## Querying an ES index with a batch of files

This notebook demonstrates how to perform querying of an ES index with a given query for a batch of files.

Imports

In [35]:
from source.data.input_data_reading import get_all_input_file_paths
from config import INPUT_FILES_DIR, ONTOLOGY_CORE_DIR

from source.env_setup.setup import connect_elasticsearch 
from config import IDX_NAME, PORT
from source.ontology_parsing.graph_utils import get_concepts_pref_labels
from source.ontology_parsing.data_loading import get_all_concept_file_paths, get_graphs_from_files

from source.result_saving.handle_input_files import classify_input_files

Retrieving all files intended to be processed. An example vocabulary for an input article was delivered by the Web scrapping team.
All inputs are stored in the `data/input_ttl_files`.

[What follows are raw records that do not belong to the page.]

lemma mandelstam_s_eq: "mandelstam_s m c p q = 2*(m*c)^2 + 2*minkowski_dot m c p q"
  using energy_squared[of m c p] energy_squared[of m c q]
  unfolding mandelstam_s_def minkowski_dot_def power2_norm_eq_inner
  by (simp add: power2_eq_square inner_add_left inner_add_right inner_commute algebra_simps)

lemma minkowski_dot_eq:
  "2*(minkowski_dot m c p q - (m*c)^2) = (p - q) \<bullet> (p - q) - (energy m c p - energy m c q)^2"
  using energy_squared[of m c p] energy_squared[of m c q]
  by (simp add: minkowski_dot_def power2_eq_square inner_diff_left inner_diff_right
      inner_commute algebra_simps)

lemma energy_diff_less:
  assumes "m*c \<noteq> 0" and "p \<noteq> q"
  shows "\<bar>energy m c p - energy m c q\<bar> < norm (p - q)"
proof -
  define E where "E = energy m c p + energy m c q"
  have E: "norm p + norm q < E"
    using norm_less_energy[OF assms(1), of p] norm_less_energy[OF assms(1), of q] by (simp add: E_def)
  have "(energy m c p - energy m c q) * E = (norm p - norm q) * (norm p + norm q)"
    using energy_squared[of m c p] energy_squared[of m c q]
    by (simp add: E_def power2_norm_eq_inner[symmetric] power2_eq_square algebra_simps)
  then have "\<bar>energy m c p - energy m c q\<bar> * \<bar>E\<bar> = \<bar>norm p - norm q\<bar> * \<bar>norm p + norm q\<bar>"
    by (simp only: abs_mult[symmetric])
  moreover have E0: "0 \<le> E"
    using E norm_ge_zero[of p] norm_ge_zero[of q] by linarith
  ultimately have "\<bar>energy m c p - energy m c q\<bar> * E = \<bar>norm p - norm q\<bar> * (norm p + norm q)"
    by simp
  also have "\<dots> \<le> norm (p - q) * (norm p + norm q)"
    by (simp add: norm_triangle_ineq3 mult_right_mono)
  also have "\<dots> < norm (p - q) * E"
    using E assms(2) by simp
  finally show ?thesis
    using E0 by (rule mult_right_less_imp_less)
qed

lemma minkowski_dot_gt:
  assumes "m*c \<noteq> 0" and "p \<noteq> q"
  shows "(m*c)^2 < minkowski_dot m c p q"
proof -
  have "\<bar>energy m c p - energy m c q\<bar>^2 < (norm (p - q))^2"
    using energy_diff_less[OF assms] by (intro power_strict_mono) simp_all
  then show ?thesis
    using minkowski_dot_eq[of m c p q] by (simp add: power2_norm_eq_inner)
qed

lemma Lambda_tilde_eq_spatial_boost:
  "Lambda_tilde m c p q = spatial_boost (vel m c p q) (rho m c p q)"
  by (simp add: Lambda_tilde_def spatial_boost_def Let_def)

lemma rho_squared:
  assumes "m*c \<noteq> 0"
  shows "(rho m c p q)^2 = (energy m c p + energy m c q)^2 / mandelstam_s m c p q"
  using mandelstam_s_pos[OF assms, of p q] by (simp add: rho_def power_divide)

lemma rho_vel_unit:
  assumes "m*c \<noteq> 0"
  shows "(rho m c p q)^2 * (1 - vel m c p q \<bullet> vel m c p q) = 1"
proof -
  define E where "E = energy m c p + energy m c q"
  have "E > 0" using energy_sum_pos[OF assms] by (simp add: E_def)
  then have "vel m c p q \<bullet> vel m c p q = ((p + q) \<bullet> (p + q)) / E^2"
    by (simp add: vel_def E_def[symmetric] power2_eq_square divide_inverse)
  moreover have "mandelstam_s m c p q = E^2 - (p + q) \<bullet> (p + q)"
    by (simp add: mandelstam_s_def E_def power2_norm_eq_inner)
  ultimately show ?thesis
    using \<open>E > 0\<close> mandelstam_s_pos[OF assms, of p q]
    by (simp add: rho_squared[OF assms] E_def[symmetric] field_simps)
qed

The article's title and abstract should be present in the file, their URIs are specified in the `config.py` file.

In [21]:
input_files_paths = get_all_input_file_paths(INPUT_FILES_DIR)
input_files_paths

['C:\\Users\\golik\\Desktop\\mgr\\semantic\\project\\opencs_paperclassification\\data\\input_ttl_files\\article0.ttl',
 'C:\\Users\\golik\\Desktop\\mgr\\semantic\\project\\opencs_paperclassification\\data\\input_ttl_files\\article1.ttl',
 'C:\\Users\\golik\\Desktop\\mgr\\semantic\\project\\opencs_paperclassification\\data\\input_ttl_files\\article2.ttl',
 'C:\\Users\\golik\\Desktop\\mgr\\semantic\\project\\opencs_paperclassification\\data\\input_ttl_files\\article3.ttl']

Parsing the OpenCS ontology to get all concept names and preferred labels

In [32]:
# reading OpenCS files
files = get_all_concept_file_paths(ONTOLOGY_CORE_DIR)

# loading the files data into graphs with rdflib
graphs = get_graphs_from_files(files)

labels_to_concepts_names = get_concepts_pref_labels(graphs)
labels_to_concepts_names

{'C1': 'Computer science',
 'C10': 'Algorithm',
 'C100': 'Sequential optimization',
 'C101': 'Knowledge based society',
 'C102': 'Object matching',
 'C103': 'Mixed variables',
 'C104': 'Functional synthesis',
 'C105': 'Simultaneous learning',
 'C106': 'Traffic characteristic',
 'C107': 'Rest break',
 'C108': 'Nature inspired algorithm',
 'C109': 'Naturalistic driving',
 'C11': 'Embedded system',
 'C110': 'Passive marker',
 'C111': 'Visual feedback',
 'C112': 'Reconfigurability',
 'C113': 'Color response',
 'C114': 'REEM',
 'C115': 'crt0',
 'C116': 'Team strategy',
 'C117': 'Memory copy',
 'C118': 'Test query',
 'C119': 'Volumetric image',
 'C12': 'Knowledge management',
 'C120': 'Prosthetic hand',
 'C121': 'Systems simulation',
 'C122': 'Cellular automaton',
 'C123': 'Digital filter',
 'C124': 'Interrogative',
 'C125': 'Next-generation network',
 'C126': 'Logical consequence',
 'C127': 'Bookmarking',
 'C128': 'Global variable',
 'C129': 'Functional capacity evaluation',
 'C13': 'Data m

Preparing a query. Note that this query will be used for all files, because of this we use placeholders for title (`#ARTICLE_TITLE`) and abstract (`#ARTICLE_ABSTRACT`) values. These placeholders will be automatically replaced with correct values for each of the processed file.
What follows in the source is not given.